The Plaintiffs, C. Bickham Dickson, III, James S. Dickson, Denise M. Dickson, Michael R. Dickson, Addie S. Dickson, and Martha A. Dickson Bigler (collectively "Plaintiffs"), come before this Court with their Motion in Limine to Exclude Testimony of Kris L. Terry ("Terry"). [Record Document 58]. The Defendant, Petrohawk Properties, L.P., seeks to introduce the testimony of Terry as an expert in the oil and gas industry for the purpose of assisting in the interpretation of the contractual terms of the parties' leases. [Record Document 60]. Given the ambiguous contractual provisions contained within the leases, expert testimony can provide context to the purpose of midstream pipeline systems in the industry, as well as elucidate for the Court the custom and usages of contractual and lease terms in this industry as they relate to midstream operations and post-production services that have an effect on the value of gas and royalties. As a result, after considering the parties' filings, this Court finds that Terry's testimony is admissible to a limited extent in both phases of the bifurcated trial. While Terry's testimony will be permitted to provide context to technical terms of art in the oiland gas industry, she can neither offer legal conclusions concerning the contractual duties of the parties nor offer any conclusion that could threaten the agreed upon trial structure based on the specific exclusions outlined below.

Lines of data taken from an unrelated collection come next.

lemma exp_overlap_split_diagonal:
  fixes a c x y :: real
  shows "ennreal (exp (a * x + a * y + c\<^sup>2 * overlap x 0 y 0)) * indicator {..0} y * indicator {..0} x
       = ennreal (exp ((a - c\<^sup>2) * x)) * indicator {..0} x * (ennreal (exp (a * y)) * indicator {..x} y)
         + ennreal (exp ((a - c\<^sup>2) * y)) * indicator {..0} y * (ennreal (exp (a * x)) * indicator {..<y} x)"
proof -
  have "overlap x 0 y 0 = - max x y" if "x \<le> 0" "y \<le> 0"
    using that by (simp add: overlap_def)
  moreover have "exp (a * x + a * y - c\<^sup>2 * x) = exp ((a - c\<^sup>2) * x) * exp (a * y)"
    "exp (a * x + a * y - c\<^sup>2 * y) = exp ((a - c\<^sup>2) * y) * exp (a * x)"
    by (simp_all add: mult_exp_exp algebra_simps)
  ultimately show ?thesis
    by (cases "y \<le> x") (auto simp: max_def ennreal_mult' split: split_indicator)
qed

lemma cross_moment_shift:
  assumes a: "a > 0" and t: "t \<ge> 0"
  shows "cross_moment a c t = ennreal ((1 - exp (- a * t)) / a\<^sup>2) + ennreal (exp (- a * t)) * cross_moment a c 0"
proof -
  define K where "K u = (\<integral>\<^sup>+y\<in>{..0}. ennreal (exp (a * y + c\<^sup>2 * overlap u 0 y 0)) \<partial>lborel)" for u
  have K_meas[measurable]: "K \<in> borel_measurable borel"
    unfolding K_def by measurable
  have K_no_overlap: "K u = ennreal (1 / a)" if "u \<ge> 0" for u
  proof -
    have "overlap u 0 y 0 = 0" for y using that by (simp add: overlap_def)
    then show ?thesis using nn_integral_exp_atMost[OF a, of 0] by (simp add: K_def)
  qed
  have factor: "cross_moment a c s = (\<integral>\<^sup>+x\<in>{..0}. ennreal (exp (a * x)) * K (x + s) \<partial>lborel)"
    if "s \<ge> 0" for s
    using cross_moment_factor[OF that] by (simp add: K_def)
  have "cross_moment a c t = (\<integral>\<^sup>+u. ennreal (exp (a * (u - t))) * K u * indicator {..t} u \<partial>lborel)"
    unfolding factor[OF t]
    by (subst nn_integral_real_affine[where c = 1 and t = t])
       (auto intro!: nn_integral_cong simp: add.commute split: split_indicator)
  also have "\<dots> = ennreal (exp (- a * t)) *
      ((\<integral>\<^sup>+u\<in>{..0}. ennreal (exp (a * u)) * K u \<partial>lborel) + (\<integral>\<^sup>+u\<in>{0<..t}. ennreal (exp (a * u)) * K u \<partial>lborel))"
  proof -
    have "ennreal (exp (a * (u - t))) * K u * indicator {..t} u
        = ennreal (exp (- a * t)) * (ennreal (exp (a * u)) * K u * indicator {..0} u
                                     + ennreal (exp (a * u)) * K u * indicator {0<..t} u)" for u
      using t by (auto simp: exp_add[symmetric] ennreal_mult'[symmetric] algebra_simps split: split_indicator)
    then show ?thesis
      by (simp add: nn_integral_cmult nn_integral_add)
  qed
  also have "(\<integral>\<^sup>+u\<in>{0<..t}. ennreal (exp (a * u)) * K u \<partial>lborel)
      = ennreal (1 / a) * (\<integral>\<^sup>+u\<in>{0<..t}. ennreal (exp (a * u)) \<partial>lborel)"
    by (subst nn_integral_cmult[symmetric])
       (auto intro!: nn_integral_cong simp: K_no_overlap mult_ac split: split_indicator)
  also have "\<dots> = ennreal ((exp (a * t) - 1) / a\<^sup>2)"
    using a t by (simp add: nn_integral_exp_greaterThanAtMost ennreal_mult'[symmetric] power2_eq_square)
  also have "(\<integral>\<^sup>+u\<in>{..0}. ennreal (exp (a * u)) * K u \<partial>lborel) = cross_moment a c 0"
    using factor[of 0] by simp
  finally show ?thesis
    using a t by (simp add: distrib_left ennreal_mult'[symmetric] exp_minus field_simps)
qed

lemma cross_moment_zero:
  assumes a: "a > 0"
  shows "cross_moment a c 0 = ennreal (2 / a) * (\<integral>\<^sup>+x\<in>{..0}. ennreal (exp ((2 * a - c\<^sup>2) * x)) \<partial>lborel)"
proof -
  \<comment> \<open>Split along the diagonal; Fubini turns the half \<open>x < y\<close> into a copy of the half \<open>y \<le> x\<close>.\<close>
  define D where "D x y = ennreal (exp ((a - c\<^sup>2) * x)) * indicator {..0} x * (ennreal (exp (a * y)) * indicator {..x} y)"
    for x y :: real
  define D' where "D' x y = ennreal (exp ((a - c\<^sup>2) * y)) * indicator {..0} y * (ennreal (exp (a * x)) * indicator {..<y} x)"
    for x y :: real
  have [measurable]: "Measurable.pred (borel \<Otimes>\<^sub>M borel) (\<lambda>p::real \<times> real. fst p \<in> {..<snd p})"
    unfolding lessThan_iff by measurable
  have [measurable]: "Measurable.pred (borel \<Otimes>\<^sub>M borel) (\<lambda>p::real \<times> real. snd p \<in> {..fst p})"
    unfolding atMost_iff by measurable
  have D_meas: "case_prod D \<in> borel_measurable (lborel \<Otimes>\<^sub>M lborel)"
    unfolding D_def by measurable
  have D'_meas: "case_prod D' \<in> borel_measurable (lborel \<Otimes>\<^sub>M lborel)"
    unfolding D'_def by measurable
  have "cross_moment a c 0 = (\<integral>\<^sup>+x. (\<integral>\<^sup>+y. D x y + D' x y \<partial>lborel) \<partial>lborel)"
    unfolding cross_moment_def D_def D'_def exp_overlap_split_diagonal[symmetric]
    by (simp add: nn_integral_multc)
  also have "\<dots> = (\<integral>\<^sup>+x. (\<integral>\<^sup>+y. D x y \<partial>lborel) + (\<integral>\<^sup>+y. D' x y \<partial>lborel) \<partial>lborel)"
    using measurable_Pair2[OF D'_meas]
    by (intro nn_integral_cong nn_integral_add) (simp_all add: D_def)
  also have "\<dots> = (\<integral>\<^sup>+x. (\<integral>\<^sup>+y. D x y \<partial>lborel) \<partial>lborel) + (\<integral>\<^sup>+x. (\<integral>\<^sup>+y. D' x y \<partial>lborel) \<partial>lborel)"
    using D_meas D'_meas by (intro nn_integral_add) (auto intro: lborel.borel_measurable_nn_integral)
  also have "(\<integral>\<^sup>+x. (\<integral>\<^sup>+y. D' x y \<partial>lborel) \<partial>lborel) = (\<integral>\<^sup>+y. (\<integral>\<^sup>+x. D' x y \<partial>lborel) \<partial>lborel)"
    by (rule lborel_pair.Fubini'[OF D'_meas, symmetric])
  also have "(\<integral>\<^sup>+x. (\<integral>\<^sup>+y. D x y \<partial>lborel) \<partial>lborel)
      = ennreal (1 / a) * (\<integral>\<^sup>+x\<in>{..0}. ennreal (exp ((a + (a - c\<^sup>2)) * x)) \<partial>lborel)"
    unfolding D_def using a by (rule nn_integral_exp_iterated) (simp_all add: nn_integral_exp_atMost[OF a])
  also have "(\<integral>\<^sup>+y. (\<integral>\<^sup>+x. D' x y \<partial>lborel) \<partial>lborel)
      = ennreal (1 / a) * (\<integral>\<^sup>+x\<in>{..0}. ennreal (exp ((a + (a - c\<^sup>2)) * x)) \<partial>lborel)"
    unfolding D'_def using a by (rule nn_integral_exp_iterated) (simp_all add: nn_integral_exp_lessThan[OF a])
  also have "a + (a - c\<^sup>2) = 2 * a - c\<^sup>2"
    by linarith
  finally show ?thesis
    using a by (simp add: distrib_right[symmetric] ennreal_plus[symmetric])
qed

section \<open>Exponential moments of Brownian increments\<close>

locale two_sided_brownian_motion =
  fixes M :: "'a measure" and W :: "real \<Rightarrow> 'a \<Rightarrow> real"
  assumes BM: "two_sided_BM M W"
begin
lemma sum_divisor_pairs_coprime_mult:
  fixes X X' Y Y' :: nat
  assumes "coprime X X'" "coprime Y Y'"
  shows "(\<Sum>a | a dvd X * X'. \<Sum>b | b dvd Y * Y'. f a b) =
         (\<Sum>x | x dvd X. \<Sum>y | y dvd Y. \<Sum>x' | x' dvd X'. \<Sum>y' | y' dvd Y'. f (x * x') (y * y'))"
proof -
  have "(\<Sum>a | a dvd X * X'. \<Sum>b | b dvd Y * Y'. f a b) =
        (\<Sum>x | x dvd X. \<Sum>x' | x' dvd X'. \<Sum>y | y dvd Y. \<Sum>y' | y' dvd Y'. f (x * x') (y * y'))"
    by (simp add: sum_divisors_coprime_mult[OF assms(1)] sum_divisors_coprime_mult[OF assms(2)])
  also have "\<dots> = (\<Sum>x | x dvd X. \<Sum>y | y dvd Y. \<Sum>x' | x' dvd X'. \<Sum>y' | y' dvd Y'. f (x * x') (y * y'))"
    by (rule sum.cong[OF refl], rule sum.swap)
  finally show ?thesis .
qed

lemma sum_divisors_prime_power:
  assumes "prime (p :: nat)"
  shows "(\<Sum>d | d dvd p ^ n. f d) = (\<Sum>i\<le>n. f (p ^ i))"
proof -
  have "{d. d dvd p ^ n} = (\<lambda>i. p ^ i) ` {..n}"
    using divides_primepow_nat[OF assms] by auto
  moreover have "inj_on (\<lambda>i. p ^ i) {..n}"
    using prime_gt_1_nat[OF assms] by (auto intro!: inj_onI)
  ultimately show ?thesis
    by (simp add: sum.reindex)
qed

lemma sum_coprime_pairs:
  fixes A B :: nat
  assumes "A > 0" "B > 0"
  shows "(\<Sum>(d, e) \<in> {(d, e). d dvd A \<and> e dvd B \<and> coprime d e}. f d e) =
         (\<Sum>d | d dvd A. \<Sum>e | e dvd B. if coprime d e then f d e else 0)"
proof -
  have "finite ({d. d dvd A} \<times> {e. e dvd B})"
    using assms by auto
  moreover have "{(d, e). d dvd A \<and> e dvd B \<and> coprime d e} =
                 {x \<in> {d. d dvd A} \<times> {e. e dvd B}. coprime (fst x) (snd x)}"
    by auto
  ultimately show ?thesis
    by (simp add: sum.inter_filter case_prod_unfold sum.cartesian_product)
qed

lemma mult_div_dvd_mult:
  fixes a b d e :: nat
  assumes "e dvd b" "d dvd a"
  shows "b * d div e dvd b * a"
  using assms by (cases "e = 0") (auto simp: dvd_def)

lemma moebius_mu_mult:
  assumes "coprime (a :: nat) b"
  shows "moebius_mu (a * b) = moebius_mu a * moebius_mu b"
proof (cases "a = 0 \<or> b = 0")
  case True
  then show ?thesis
    using assms by (auto simp: moebius_mu_def)
next
  case False
  have "squarefree (a * b) \<longleftrightarrow> squarefree a \<and> squarefree b"
    using assms squarefree_mult_coprime squarefree_multD by metis
  moreover have "prime_factors a \<inter> prime_factors b = {}"
    using assms by (metis coprime_common_divisor disjoint_iff in_prime_factors_iff not_prime_unit)
  then have "card (prime_factors (a * b)) = card (prime_factors a) + card (prime_factors b)"
    using False by (simp add: prime_factors_product card_Un_disjoint)
  ultimately show ?thesis
    using False by (auto simp: moebius_mu_def power_add)
qed

lemma moebius_mu_prime_power:
  assumes "prime (p :: nat)"
  shows "moebius_mu (p ^ k) = (if k = 0 then 1 else if k = 1 then -1 else 0)"
proof -
  have "squarefree p" "\<not> is_unit p"
    using assms squarefree_prime by auto
  then show ?thesis
    using squarefree_power_iff[of p k] assms by (auto simp: moebius_mu_def prime_prime_factors)
qed

lemma sum_moebius_mu_prime_power:
  assumes "prime (p :: nat)"
  shows "(\<Sum>k\<le>i. moebius_mu (p ^ k) * f k) = (if i = 0 then f 0 else f 0 - f 1)"
proof (induction i)
  case (Suc i)
  then show ?case
    using moebius_mu_prime_power[OF assms, of "Suc i"] by (cases "i = 0") simp_all
qed (simp add: moebius_mu_def)
(* Let $\tau>0$, $a>0$, let $s,d$ be integers with $1\le s\le d$ and let $\ell\in\mathcal L$. Then $$\inf_{\hat T}\sup_{P_\xi\in\mathcal G_{a,\tau}}\sup_{\sigma>0}\sup_{\theta\in\Theta_s}\mathbf E_{\theta,P_\xi,\sigma}\,\ell\Big(c\,\phi_{\rm exp}(s,d)^{-1}\Big|\frac{\hat T}{\sigma^2}-1\Big|\Big)\ge c',$$ where $\phi_{\rm exp}(s,d)=\max\big(\frac1{\sqrt d},\frac sd\log^{2/a}(\frac{ed}{s})\big)$ and $c,c'>0$ depend only on $\ell$, $a$ and $\tau$.
   Context: Model: $Y_i=\theta_i+\sigma\xi_i$, $i=1,\dots,d$, $\theta\in\mathbb R^d$, $\sigma>0$, $\xi_i$ i.i.d. with distribution $P_\xi$; $\mathbf E_{\theta,P_\xi,\sigma}$ expectation; $\Theta_s=\{\theta:\|\theta\|_0\le s\}$. $\mathcal G_{a,\tau}$: distributions with $\mathbf E\xi_1=0,\mathbf E\xi_1^2=1$, $\mathbf P(|\xi_1|>t)\le2e^{-(t/\tau)^a}$ for all $t\ge2$. $\mathcal L$: nondecreasing $\ell:[0,\infty)\to[0,\infty)$, $\ell(0)=0$, $\ell\not\equiv0$; $\inf_{\hat T}$ over all estimators. *)

theory Defs
  imports "HOL-Probability.Probability"
begin

definition noise_class :: "real \<Rightarrow> real \<Rightarrow> real measure set" where
  "noise_class a \<tau> = {P. prob_space P \<and> sets P = sets borel \<and>
      integrable P (\<lambda>x. x) \<and> (\<integral>x. x \<partial>P) = 0 \<and>
      integrable P (\<lambda>x. x\<^sup>2) \<and> (\<integral>x. x\<^sup>2 \<partial>P) = 1 \<and>
      (\<forall>t\<ge>2. measure P {x. \<bar>x\<bar> > t} \<le> 2 * exp (- ((t / \<tau>) powr a)))}"

definition loss_class :: "(real \<Rightarrow> real) set" where
  "loss_class = {ell. mono_on {0..} ell \<and> (\<forall>x\<ge>0. ell x \<ge> 0) \<and> ell 0 = 0 \<and>
      (\<exists>x\<ge>0. ell x \<noteq> 0)}"

text \<open>s-sparse vectors in R^d, vectors represented as nat => real on indices {..<d}.\<close>
definition sparse_vecs :: "nat \<Rightarrow> nat \<Rightarrow> (nat \<Rightarrow> real) set" where
  "sparse_vecs d s = {\<theta>. card {i\<in>{..<d}. \<theta> i \<noteq> 0} \<le> s}"

definition phi_exp :: "real \<Rightarrow> nat \<Rightarrow> nat \<Rightarrow> real" where
  "phi_exp a s d = max (1 / sqrt (real d))
      (real s / real d * (ln (exp 1 * real d / real s)) powr (2 / a))"

definition obs :: "nat \<Rightarrow> (nat \<Rightarrow> real) \<Rightarrow> real \<Rightarrow> (nat \<Rightarrow> real) \<Rightarrow> (nat \<Rightarrow> real)" where
  "obs d \<theta> \<sigma> \<xi> = restrict (\<lambda>i. \<theta> i + \<sigma> * \<xi> i) {..<d}"

definition risk :: "(real \<Rightarrow> real) \<Rightarrow> real \<Rightarrow> real \<Rightarrow> nat \<Rightarrow> nat \<Rightarrow>
    ((nat \<Rightarrow> real) \<Rightarrow> real) \<Rightarrow> real measure \<Rightarrow> real \<Rightarrow> (nat \<Rightarrow> real) \<Rightarrow> ennreal" where
  "risk ell a c s d T P \<sigma> \<theta> =
     (\<integral>\<^sup>+ \<xi>. ennreal (ell (c / phi_exp a s d * \<bar>T (obs d \<theta> \<sigma> \<xi>) / \<sigma>\<^sup>2 - 1\<bar>))
        \<partial>(PiM {..<d} (\<lambda>_. P)))"

end

theory Submission
  imports Defs
begin

text \<open>
  Both terms of \<open>\<phi>\<^sub>e\<^sub>x\<^sub>p\<close> come from two-point arguments in which the
  estimator sees the same finite sample space under two hypotheses whose variances differ by
  a factor \<open>1 + g\<close>; whatever it outputs, its relative error is at least \<open>min g 1 / 4\<close>
  under one of them.

  Dense regime: take \<open>\<theta> = 0\<close> and let \<open>\<sigma>\<xi>\<^sub>i\<close> take the values \<open>\<plusminus>1\<close> with
  probability \<open>p/2\<close> each and \<open>0\<close> otherwise, so that \<open>\<sigma>\<^sup>2 = p\<close>. For
  \<open>p = (1 + 1/\<surd>d)/2\<close> and \<open>p = 1/2\<close> the Hellinger affinity of the \<open>d\<close>-fold products
  stays bounded below, and Le Cam's inequality gives the rate \<open>1/\<surd>d\<close>.

  Sparse regime: under the null, \<open>\<theta> = 0\<close> and each noise coordinate is a Rademacher
  sign plus, with probability \<open>q = s/(2d)\<close>, a spike of height
  \<open>A \<approx> \<tau> log\<^sup>1\<^sup>/\<^sup>a(ed/s)\<close>; the tail condition of \<open>\<G>\<^sub>a\<^sub>,\<^sub>\<tau>\<close> permits exactly this height.
  The same observations arise by moving the spikes into \<open>\<theta>\<close> and keeping Rademacher
  noise of variance 1, and by Markov's inequality the spike pattern is \<open>s\<close>-sparse with
  probability at least 1/2. The variance ratio \<open>1 + qA\<^sup>2\<close> is of order
  \<open>1 + (s/d) log\<^sup>2\<^sup>/\<^sup>a(ed/s)\<close>.
\<close>

section \<open>Finite noise laws and their risks\<close>

definition weighted_pmf :: "'b set \<Rightarrow> ('b \<Rightarrow> real) \<Rightarrow> 'b pmf" where
  "weighted_pmf S w = embed_pmf (\<lambda>x. if x \<in> S then w x else 0)"

definition finite_law :: "'b set \<Rightarrow> ('b \<Rightarrow> real) \<Rightarrow> ('b \<Rightarrow> real) \<Rightarrow> real measure" where
  "finite_law S w v = distr (measure_pmf (weighted_pmf S w)) borel v"

lemma sum_PiE_insert:
  assumes "finite I" and "i \<notin> I" and "finite S"
  shows "(\<Sum>u\<in>insert i I \<rightarrow>\<^sub>E S. H u) = (\<Sum>y\<in>S. \<Sum>u\<in>I \<rightarrow>\<^sub>E S. H (u(i := y)))"
proof -
  have "(\<Sum>u\<in>insert i I \<rightarrow>\<^sub>E S. H u) = (\<Sum>(y, u)\<in>S \<times> (I \<rightarrow>\<^sub>E S). H (u(i := y)))"
    unfolding PiE_insert_eq using inj_combinator[OF assms(2)] by (subst sum.reindex) (auto simp: case_prod_unfold)
  also have "\<dots> = (\<Sum>y\<in>S. \<Sum>u\<in>I \<rightarrow>\<^sub>E S. H (u(i := y)))"
    by (rule sum.cartesian_product[symmetric])
  finally show ?thesis .
qed

lemma sum_prod_PiE_eq_1:
  fixes w :: "'b \<Rightarrow> real"
  assumes "finite I" and "finite S" and "sum w S = 1"
  shows "(\<Sum>u\<in>I \<rightarrow>\<^sub>E S. \<Prod>i\<in>I. w (u i)) = 1"
  using assms by (subst prod_sum_PiE[symmetric]) auto

lemma sum_PiE_Times:
  fixes H :: "('i \<Rightarrow> 'a \<times> 'b) \<Rightarrow> 'c :: comm_monoid_add"
  shows "(\<Sum>u\<in>I \<rightarrow>\<^sub>E A \<times> B. H u) = (\<Sum>\<alpha>\<in>I \<rightarrow>\<^sub>E A. \<Sum>\<beta>\<in>I \<rightarrow>\<^sub>E B. H (restrict (\<lambda>i. (\<alpha> i, \<beta> i)) I))"
proof -
  have "(\<Sum>u\<in>I \<rightarrow>\<^sub>E A \<times> B. H u) = (\<Sum>(\<alpha>, \<beta>)\<in>(I \<rightarrow>\<^sub>E A) \<times> (I \<rightarrow>\<^sub>E B). H (restrict (\<lambda>i. (\<alpha> i, \<beta> i)) I))"
    by (rule sum.reindex_bij_witness[where i="\<lambda>(\<alpha>, \<beta>). restrict (\<lambda>i. (\<alpha> i, \<beta> i)) I"
        and j="\<lambda>u. (restrict (\<lambda>i. fst (u i)) I, restrict (\<lambda>i. snd (u i)) I)"])
      (auto simp: PiE_iff extensional_def fun_eq_iff intro!: arg_cong[where f=H])
  also have "\<dots> = (\<Sum>\<alpha>\<in>I \<rightarrow>\<^sub>E A. \<Sum>\<beta>\<in>I \<rightarrow>\<^sub>E B. H (restrict (\<lambda>i. (\<alpha> i, \<beta> i)) I))"
    by (rule sum.cartesian_product[symmetric])
  finally show ?thesis .
qed

locale finite_weights =
  fixes S :: "'b set" and w :: "'b \<Rightarrow> real"
  assumes finite_support: "finite S" and weights_nonneg: "\<And>x. x \<in> S \<Longrightarrow> w x \<ge> 0"
    and weights_sum: "sum w S = 1"
begin
lemma sphere_nonempty: "sphere (0::'a) 1 \<noteq> {}"
  using prob_measures_sphereD(4)[OF \<mu>] emeasure_space_1 space_prob_measures_sphere by auto

lemma AE_in_sphere: "AE y in \<mu>. y \<in> sphere 0 1"
  using prob_measures_sphereD[OF \<mu>] by (intro AE_in_closed closed_sphere_metric)

lemma integrable_norm_diff: "integrable \<mu> (\<lambda>y. norm (x - y))"
proof (rule integrable_const_bound[where B="norm x + 1"])
  show "AE y in \<mu>. norm (norm (x - y)) \<le> norm x + 1"
    using AE_in_sphere
  proof eventually_elim
    fix y :: 'a assume "y \<in> sphere 0 1"
    then show "norm (norm (x - y)) \<le> norm x + 1"
      using norm_triangle_ineq4[of x y] by simp
  qed
  show "(\<lambda>y. norm (x - y)) \<in> borel_measurable \<mu>"
    unfolding measurable_cong_sets[OF prob_measures_sphereD(1)[OF \<mu>] refl]
    by (rule borel_measurable_norm_diff)
qed

lemma potential_le_2:
  assumes "x \<in> sphere 0 1"
  shows "potential \<mu> x \<le> 2"
proof -
  have "AE y in \<mu>. norm (x - y) \<le> 2"
    using AE_in_sphere by eventually_elim (rule norm_diff_le_2_sphere[OF assms])
  then have "potential \<mu> x \<le> (\<integral>y. 2 \<partial>\<mu>)"
    unfolding potential_def by (intro integral_mono_AE integrable_norm_diff) simp_all
  then show ?thesis by (simp add: prob_space)
qed

lemma bdd_potential_sphere:
  "bdd_above (potential \<mu> ` sphere 0 1)" "bdd_below (potential \<mu> ` sphere 0 1)"
  using potential_le_2 potential_nonneg by (auto intro!: bdd_aboveI[of _ 2] bdd_belowI[of _ 0])

lemma A_set_eq_interval: "A_set \<mu> = {pot_inf \<mu>..pot_sup \<mu>}"
  unfolding A_set_def pot_inf_def pot_sup_def
  using sphere_nonempty bdd_potential_sphere by (intro closure_convex_hull_real) auto

lemma pot_inf_le_potential: "x \<in> sphere 0 1 \<Longrightarrow> pot_inf \<mu> \<le> potential \<mu> x"
  unfolding pot_inf_def by (rule cINF_lower[OF bdd_potential_sphere(2)])

lemma potential_le_pot_sup: "x \<in> sphere 0 1 \<Longrightarrow> potential \<mu> x \<le> pot_sup \<mu>"
  unfolding pot_sup_def by (rule cSUP_upper[OF _ bdd_potential_sphere(1)])

lemma pot_inf_le_2: "pot_inf \<mu> \<le> 2"
  using sphere_nonempty pot_inf_le_potential potential_le_2 by force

Thus, for the reasons stated below, IT IS ORDERED that the Plaintiffs' Motion in Limine to Exclude Testimony of Kris L. Terry [Record Document 58] is GRANTED in part and DENIED in part.

I. Factual and Procedural Background

In the present case, the dispute between the Plaintiffs and Defendant arose from the terms contained within two oil, gas, and mineral leases ("Leases") on property that the Plaintiffs owned in Caddo Parish, Louisiana. Record Document 32-2, p.2. The land was leased by the Plaintiffs in two agreements with Sklarco L.L.C., which was the sole lessee, beginning in September 2005 and recorded in the Conveyance Records of Caddo Parish in December 2005. Id., Record Document 34, p.1. The Leases contained both typical "Bath" forms and amended post-production cost clauses that were identical in each lease. Record Document 1-2, Exhibit 1 In Globo. While Exhibit "A" provided a description of the property that was covered by the Leases, Exhibit "B" attached provisions that were included in addition to the other previous provisions contained within the Leases' Bath provisions. Id. In February 2008, a partial sublease of oil, gas, and mineral leases between Sklarco L.L.C. and Petrohawk became effective. Record Document 34-1, p.3.1 The Plaintiffs then granted an extension of this sublease in July2008, extending the primary terms of the Leases until August 2011. Id.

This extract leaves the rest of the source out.